CREATE OR REPLACE FUNCTION get_users(bigint[]) RETURNS SETOF
resolved_users_type AS '
$userData = array();
$temp = array();
foreach ($args[0] as $value) { $temp[] = $value."::bigint"; }
$res = spi_exec_query("SELECT id, realname, email FROM users WHERE
id IN (".implode(",", $temp).")");
if ($res[''processed''] > 0) {
while ($row = spi_fetch_row($res)) {
$userData[] = $row;
}
}
return ($userData) ? $userData : NULL;
' LANGUAGE 'plphp';

Basically we take an array of values and look up a list of users based
on the elements in the array and return the results. There is a static
cast for 7.4.6 sake which may not be required for 8.

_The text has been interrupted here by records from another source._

theorem lemma2p1:
  fixes \<phi> \<psi> :: "'a::euclidean_space \<Rightarrow> real" and t :: ereal
  assumes "nnbi \<phi>" and "nnbi \<psi>" and "0 < t"
  shows
    "((\<forall>x. \<phi> x \<le> \<psi> x) \<longrightarrow> xi \<phi> t \<le> xi \<psi> t)
   \<and> (\<forall>c::real. c > 0 \<longrightarrow> xi (\<lambda>x. c * \<phi> x) t = c * xi \<phi> t)
   \<and> xi (\<lambda>x. \<phi> x + \<psi> x) t \<le> xi \<phi> t + xi \<psi> t
   \<and> (\<forall>c::real. 0 < c \<and> c < 1 \<longrightarrow>
        xi \<phi> t \<le> xi (\<lambda>x. \<phi> (c *\<^sub>R x)) t \<and>
        xi (\<lambda>x. \<phi> (c *\<^sub>R x)) t \<le> c powi (- int DIM('a)) * xi \<phi> t)
   \<and> (\<forall>t'::real. \<forall>h::real. 0 < t' \<and> 0 < h \<longrightarrow>
        t' / (t' + h) * xi \<phi> (ereal t') \<le> xi \<phi> (ereal (t' + h)) \<and>
        xi \<phi> (ereal (t' + h)) \<le> xi \<phi> (ereal t'))
   \<and> ((\<forall>a::real. (LINT x|lebesgue. \<phi> x * indicator {y. \<phi> y \<ge> a} x)
               \<le> (LINT x|lebesgue. \<psi> x * indicator {y. \<psi> y \<ge> a} x))
        \<longrightarrow> xi \<phi> t \<le> xi \<psi> t)
   \<and> ((\<lambda>s::real. xi \<phi> (ereal s)) \<longlongrightarrow> (LINT x|lebesgue. \<phi> x)) at_top
   \<and> xi \<phi> \<infinity> = (LINT x|lebesgue. \<phi> x)
   \<and> (\<forall>\<Phi>::nat \<Rightarrow> 'a \<Rightarrow> real.
        (\<forall>n. nnbi (\<Phi> n)) \<and> (\<forall>x. (\<lambda>n. \<Phi> n x) \<longlonglongrightarrow> \<phi> x) \<and> (\<forall>n x. \<Phi> n x \<le> \<psi> x)
        \<longrightarrow> (\<lambda>n. xi (\<Phi> n) t) \<longlonglongrightarrow> xi \<phi> t)"
proof (intro conjI allI impI)
  show "xi \<phi> t \<le> xi \<psi> t" if "\<forall>x. \<phi> x \<le> \<psi> x"
    using xi_mono[OF assms] that by blast
  show "xi (\<lambda>x. c * \<phi> x) t = c * xi \<phi> t" if "c > 0" for c
    by (rule xi_cmult[OF assms(1,3) that])
  show "xi (\<lambda>x. \<phi> x + \<psi> x) t \<le> xi \<phi> t + xi \<psi> t"
    by (rule xi_subadditive[OF assms])
  show "xi \<phi> t \<le> xi (\<lambda>x. \<phi> (c *\<^sub>R x)) t" "xi (\<lambda>x. \<phi> (c *\<^sub>R x)) t \<le> c powi (- int DIM('a)) * xi \<phi> t"
    if "0 < c \<and> c < 1" for c
    using xi_dilation[OF assms(1,3)] that by auto
  show "t' / (t' + h) * xi \<phi> (ereal t') \<le> xi \<phi> (ereal (t' + h))" "xi \<phi> (ereal (t' + h)) \<le> xi \<phi> (ereal t')"
    if "0 < t' \<and> 0 < h" for t' h
    using xi_time_mono[OF assms(1)] that by auto
  show "xi \<phi> t \<le> xi \<psi> t"
    if "\<forall>a. (LINT x|lebesgue. \<phi> x * indicator {y. \<phi> y \<ge> a} x) \<le> (LINT x|lebesgue. \<psi> x * indicator {y. \<psi> y \<ge> a} x)"
    using xi_upper_mass_mono[OF assms] that by (simp add: upper_mass_def)
  show "((\<lambda>s. xi \<phi> (ereal s)) \<longlongrightarrow> (LINT x|lebesgue. \<phi> x)) at_top"
    by (rule xi_tendsto_integral[OF assms(1)])
  show "xi \<phi> \<infinity> = (LINT x|lebesgue. \<phi> x)"
    by (rule xi_infinity)
  show "(\<lambda>n. xi (\<Phi> n) t) \<longlonglongrightarrow> xi \<phi> t"
    if "(\<forall>n. nnbi (\<Phi> n)) \<and> (\<forall>x. (\<lambda>n. \<Phi> n x) \<longlonglongrightarrow> \<phi> x) \<and> (\<forall>n x. \<Phi> n x \<le> \<psi> x)" for \<Phi>
    using xi_dominated_convergence[OF assms] that by blast
qed

end
definition small :: "(('a::field)^3^3) set \<Rightarrow> bool" where
  "small G \<longleftrightarrow> (\<forall>g\<in>G. \<not> pseudo_reflection g)"

definition prime_subfield :: "('a::field) set" where
  "prime_subfield = range of_int"

definition U :: "'a::field \<Rightarrow> 'a \<Rightarrow> ('a \<times> 'a) set" where
  "U a b = {(of_int i + of_int j * a, of_int j * b) | i j. True}"

definition sigma :: "('a::field) \<times> 'a \<Rightarrow> 'a^3^3" where
  "sigma c = (case c of (c1, c2) \<Rightarrow>
     vector [vector [1, - c1, c1^2 + c2],
             vector [0, 1, c1],
             vector [0, 0, 1]])"

definition conjugate_in_GL3 :: "(('a::field)^3^3) set \<Rightarrow> ('a^3^3) set \<Rightarrow> bool" where
  "conjugate_in_GL3 G H \<longleftrightarrow>
     (\<exists>P \<in> GL3. (\<lambda>M. matrix_inv P ** M ** P) ` G = H)"

end

theory Submission
  imports Defs
begin

text \<open>Put g = \<iota>(1,0). In characteristic 3 the relation g^3 = 1 makes N = g - 1 nilpotent, and
  N^2 \<noteq> 0, since otherwise the fixed space of g would be a plane and g a pseudo-reflection.
  A Jordan chain of N therefore conjugates g to \<sigma>(1,0). The centraliser of \<sigma>(1,0) in SL(3,K) is
  \<sigma>(K^2) (its diagonal entry is a cube root of unity, hence 1), so after conjugation
  \<iota> = \<sigma> \<circ> (c,d) for an additive map (c,d) : C3^2 \<rightarrow> K^2 with (c,d)(1,0) = (1,0), whose
  image is U(a,b) for (a,b) = (c,d)(0,1). If a lay in F_3, then c would vanish at some y \<noteq> 0,
  and \<iota>(y), being conjugate to \<sigma>(0,d(y)) \<noteq> 1, would be a pseudo-reflection.\<close>

section \<open>Matrix algebra and conjugation\<close>

lemma matrix_add_rdistrib:
  fixes A B :: "'a::semiring_1^'n^'m"
  shows "(A + B) ** C = A ** C + B ** C"
  by (simp add: vec_eq_iff matrix_matrix_mult_def sum.distrib algebra_simps)
lemma G2_sel: "absorb_G2 * sel2 n b * Psi = sel2 n (Suc b) * mat n n absorb_Cf * Psi"
proof (rule mult_Psi_sel_eq(2)[where y = "\<lambda>_. 0"])
  fix i l assume il: "i < Suc b" "l < n"
  have idx: "n - Suc b + i = pivot + i" "pivot + i < n" using il dims unfolding pivot_def by auto
  have H: "(sel2 n (Suc b) * mat n n absorb_Cf) $$ (i, l) = absorb_Cf (pivot + i, l)"
    using index_sel_mult(2)[of "mat n n absorb_Cf" n n l i "Suc b"] il idx new_dims by simp
  show "(if n - b \<le> l then absorb_G2 $$ (i, l - (n - b)) else 0)
      = (sel2 n (Suc b) * mat n n absorb_Cf) $$ (i, l) + 0 * v $ l"
  proof (cases "i = 0")
    case True
    have "absorb_G2 $$ (i, l - (n - b)) = (if a \<le> l then - v $ l else 0)" if "n - b \<le> l"
    proof -
      have "l - (n - b) < b" "n - b + (l - (n - b)) = l" using il that dims by auto
      then show ?thesis using True unfolding absorb_G2_def by simp
    qed
    then show ?thesis unfolding H using True dims by (auto simp: absorb_Cf_def)
  next
    case False
    have "swap (pivot + i) = pivot + i" using False pivot_bounds unfolding swap_def by auto
    then have "absorb_Cf (pivot + i, l) = (if l = pivot + i then 1 else 0)"
      using False unfolding absorb_Cf_def by simp
    moreover have "absorb_G2 $$ (i, l - (n - b)) = (if l = pivot + i then 1 else 0)" if "n - b \<le> l"
    proof -
      have "l - (n - b) < b" using il that dims by auto
      moreover have "l - (n - b) = i - 1 \<longleftrightarrow> l = pivot + i"
        using that False dims unfolding pivot_def by auto
      ultimately show ?thesis using False il unfolding absorb_G2_def by simp
    qed
    moreover have "l \<noteq> pivot + i" if "\<not> n - b \<le> l" using that dims False unfolding pivot_def by auto
    ultimately show ?thesis unfolding H by auto
  qed
qed (use dims in \<open>auto simp: absorb_G2_def\<close>)

lemma reduction:
  "problem_reduction n a b n a (Suc b) Psi
    (mat n n absorb_Bf) (mat n n absorb_Cf) absorb_G1 absorb_G2"
proof -
  have "absorb_G1 \<in> carrier_mat a a" "absorb_G2 \<in> carrier_mat (Suc b) b"
    unfolding absorb_G1_def absorb_G2_def by auto
  then show ?thesis
    unfolding problem_reduction_def using psd dims new_dims BC_Psi B_blocks G1_sel G2_sel
    by (auto simp del: One_nat_def)
qed

end

lemma singular_problem_reduces:
  fixes Psi :: "real mat"
  assumes psd: "psd_mat n Psi" and sing: "det Psi = 0" and dims: "a \<le> n" "b \<le> n" "n \<le> a + b"
  shows "\<exists>n' a' b' B C G1 G2. max a' b' \<le> n' \<and> n' \<le> a' + b' \<and> 2 * n' - b' < 2 * n - b \<and>
    problem_reduction n a b n' a' b' Psi B C G1 G2"
proof -
  obtain v where v: "v \<in> carrier_vec n" "v \<noteq> 0\<^sub>v n" "Psi *\<^sub>v v = 0\<^sub>v n"
    using det_0_iff_vec_prod_zero_field[OF psd_matD(1)[OF psd]] sing by blast
  have deletion: ?thesis if "kernel_deletion n Psi v a b j" for j
    using kernel_deletion.reduction[OF that] kernel_deletion.new_dims[OF that] by fastforce
  have absorption: ?thesis if "kernel_absorption n Psi v a b j" for j
    using kernel_absorption.reduction[OF that] kernel_absorption.new_dims[OF that] by fastforce
  consider (both) k j where "a \<le> k" "k < n" "v $ k \<noteq> 0" "j < n - b" "v $ j \<noteq> 0"
    | (src2) k where "a \<le> k" "k < n" "v $ k \<noteq> 0" "\<forall>l < n - b. v $ l = 0"
    | (src1) "\<forall>l. a \<le> l \<and> l < n \<longrightarrow> v $ l = 0"
    by blast
  then show ?thesis
  proof cases
    case (both k j)
    then show ?thesis by (intro absorption[of j], unfold_locales) (use psd dims v in auto)
  next
    case (src2 k)
    then show ?thesis by (intro deletion[of k], unfold_locales) (use psd dims v in auto)
  next
    case src1
    have "\<exists>i. v $ i \<noteq> 0 \<and> i < n"
      using v(1,2) by (metis eq_vecI carrier_vecD index_zero_vec)
    then obtain i where i: "v $ i \<noteq> 0" "i < n" by blast
    define j where "j = (LEAST i. v $ i \<noteq> 0)"
    have "v $ j \<noteq> 0" unfolding j_def using i(1) by (rule LeastI)
    moreover have "j \<le> i" unfolding j_def using i(1) by (rule Least_le)
    moreover have "v $ l = 0" if "l < j" for l
      using not_less_Least[OF that[unfolded j_def]] by blast
    ultimately show ?thesis
      by (intro deletion[of j], unfold_locales) (use psd src1 dims v i(2) in auto)
  qed
qed
text \<open>Choose the base a = \<lfloor>m^(1/(k+1))\<rfloor>, so that a^k \<le> m^(k/(k+1)) and m/a \<le> 2 m^(k/(k+1)).\<close>
lemma gap_upper_real:
  assumes m: "m \<ge> 1"
  shows "real m - real (max_weight k m) \<le> 3 * real (k + 1) * real m powr (real k / real (k + 1))"
proof -
  define e where "e = real k / real (k + 1)"
  define x where "x = real m powr (1 / real (k + 1))"
  define a where "a = nat \<lfloor>x\<rfloor>"
  have x1: "1 \<le> x" unfolding x_def using m by (intro ge_one_powr_ge_zero) auto
  have ax: "real a \<le> x" using x1 by (simp add: a_def)
  have a1: "a \<ge> 1" using x1 by (simp add: a_def le_nat_iff)
  have x2a: "x \<le> 2 * real a" using x1 a1 by (simp add: a_def) linarith
  have "x ^ k = x powr real k" using x1 by (simp add: powr_realpow)
  also have "\<dots> = real m powr e" by (simp add: x_def powr_powr e_def)
  finally have ak: "real a ^ k \<le> real m powr e" using ax by (metis power_mono of_nat_0_le_iff)
  have "real m powr e \<le> real m powr 1" using m by (intro powr_mono) (auto simp: e_def)
  also have "\<dots> = real m" using m by simp
  finally have "a^k \<le> m" using ak by (metis of_nat_le_iff of_nat_power order.trans)
  have "real m / x = real m powr e"
  proof -
    have "real m / x = real m powr 1 / real m powr (1 / real (k + 1))" using m by (simp add: x_def)
    also have "\<dots> = real m powr (1 - 1 / real (k + 1))" by (simp add: powr_diff)
    also have "1 - 1 / real (k + 1) = e" by (simp add: e_def field_simps)
    finally show ?thesis .
  qed
  have "real (m div a) \<le> real m / real a" by (rule of_nat_div_le_of_nat)
  also have "\<dots> \<le> real m / (x / 2)" using x2a x1 by (intro divide_left_mono) auto
  also have "\<dots> = 2 * (real m / x)" by simp
  also have "\<dots> = 2 * real m powr e" using \<open>real m / x = real m powr e\<close> by simp
  finally have "real (m div a) + real a ^ k \<le> 3 * real m powr e" using ak by linarith
  have "real (m - max_weight k m) \<le> real ((k + 1) * (m div a + a^k))"
    using gap_upper_bound[OF a1 \<open>a^k \<le> m\<close>] by (simp only: of_nat_le_iff)
  hence "real m - real (max_weight k m) \<le> real (k + 1) * (real (m div a) + real a ^ k)"
    using max_weight_le[of k m] by (simp add: of_nat_diff distrib_right)
  also have "\<dots> \<le> real (k + 1) * (3 * real m powr e)"
    using \<open>real (m div a) + real a ^ k \<le> 3 * real m powr e\<close> by (intro mult_left_mono) auto
  finally show ?thesis unfolding e_def by (simp only: mult_ac)
qed

theorem mainTheorem8:
  fixes k :: nat
  assumes "k \<ge> 1"
  shows "(\<lambda>m. real m - real (max_weight k m)) \<in> \<Theta>(\<lambda>m. real m powr (real k / real (k + 1)))"
proof (rule bigthetaI')
  define e where "e = real k / real (k + 1)"
  show "0 < 1 / 4 powr e" by simp
  show "0 < 3 * real (k + 1)" by simp
  have "eventually (\<lambda>m. m \<ge> k) at_top" by (rule eventually_ge_at_top)
  thus "\<forall>\<^sub>F m in at_top.
        1 / 4 powr e * norm (real m powr (real k / real (k + 1))) \<le> norm (real m - real (max_weight k m)) \<and>
        norm (real m - real (max_weight k m)) \<le> 3 * real (k + 1) * norm (real m powr (real k / real (k + 1)))"
  proof eventually_elim
    case (elim m)
    have "(real m / 4) powr e = 1 / 4 powr e * real m powr e" by (simp add: powr_divide)
    moreover have "0 \<le> real m - real (max_weight k m)" using max_weight_le[of k m] by simp
    ultimately show ?case
      using gap_lower_real[OF assms elim] gap_upper_real[of m k] elim assms unfolding e_def by simp
  qed
qed

end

Here is a sample dataset for the users table:

id | realname | email
------+--------------------+------------------------------
2 | Jonathan Daugherty | jdaugherty(at)commandprompt(dot)com
4 | Steven1 Klassen | sklassen1(at)commandprompt(dot)com
8 | Steven1 Klassen | sklassen1(at)commandprompt(dot)com
9 | Steven1 Klassen | sklassen1(at)commandprompt(dot)com
12 | Steven1 Klassen | sklassen1(at)commandprompt(dot)com
56 | Jonathan Daugherty | jdaugherty(at)commandprompt(dot)com
2000 | Steven Klassen | sklassen(at)commandprompt(dot)com
23 | Steven1 Klassen | sklassen1(at)commandprompt(dot)com
690 | Steven Klassen | sklassen(at)commandprompt(dot)com
4000 | Steven Klassen | sklassen(at)commandprompt(dot)com
1243 | Steven Klassen | sklassen(at)commandprompt(dot)com
5 | Steven1 Klassen | sklassen1(at)commandprompt(dot)com
6 | Steven1 Klassen | sklassen1(at)commandprompt(dot)com
230 | Steven Klassen | sklassen(at)commandprompt(dot)com
330 | Steven Klassen | sklassen(at)commandprompt(dot)com
430 | Steven Klassen | sklassen(at)commandprompt(dot)com
440 | Steven Klassen | sklassen(at)commandprompt(dot)com
550 | Steven Klassen | sklassen(at)commandprompt(dot)com
660 | Steven Klassen | sklassen(at)commandprompt(dot)com
770 | Steven Klassen | sklassen(at)commandprompt(dot)com

Here is the functional_query we are running:

SELECT * FROM
get_users('{2,4,8,9,12,56,2000,23,690,4000,1243,5,6,230,330,430,440,550,660,770}');

Statistics is set to 50 on the id column (which is way to high). It has
about 51000 rows.

8.0 first run: 109.664 ms
8.0 second run: 2.939 ms

7.4.6 first run: 121.416ms
7.4.6 second run: 8.665 ms

So this shows a significant increase in functions performance for second
+ runs and a little difference for first runs. If I enable preload
libraries the numbers are the following:

8.0 first run: 107.689ms
8.0 second run: 2.915 ms

7.4.6 first run: 119.400 ms
7.4.6 second run: 8.629 ms

It doesn't look like preload libraries helps as much as I would like but
every little bit helps. The really good news of course is the amazing
increase in performance from 7.4.6 to 8.0. I assume this is because
we are now keeping statistics for functions.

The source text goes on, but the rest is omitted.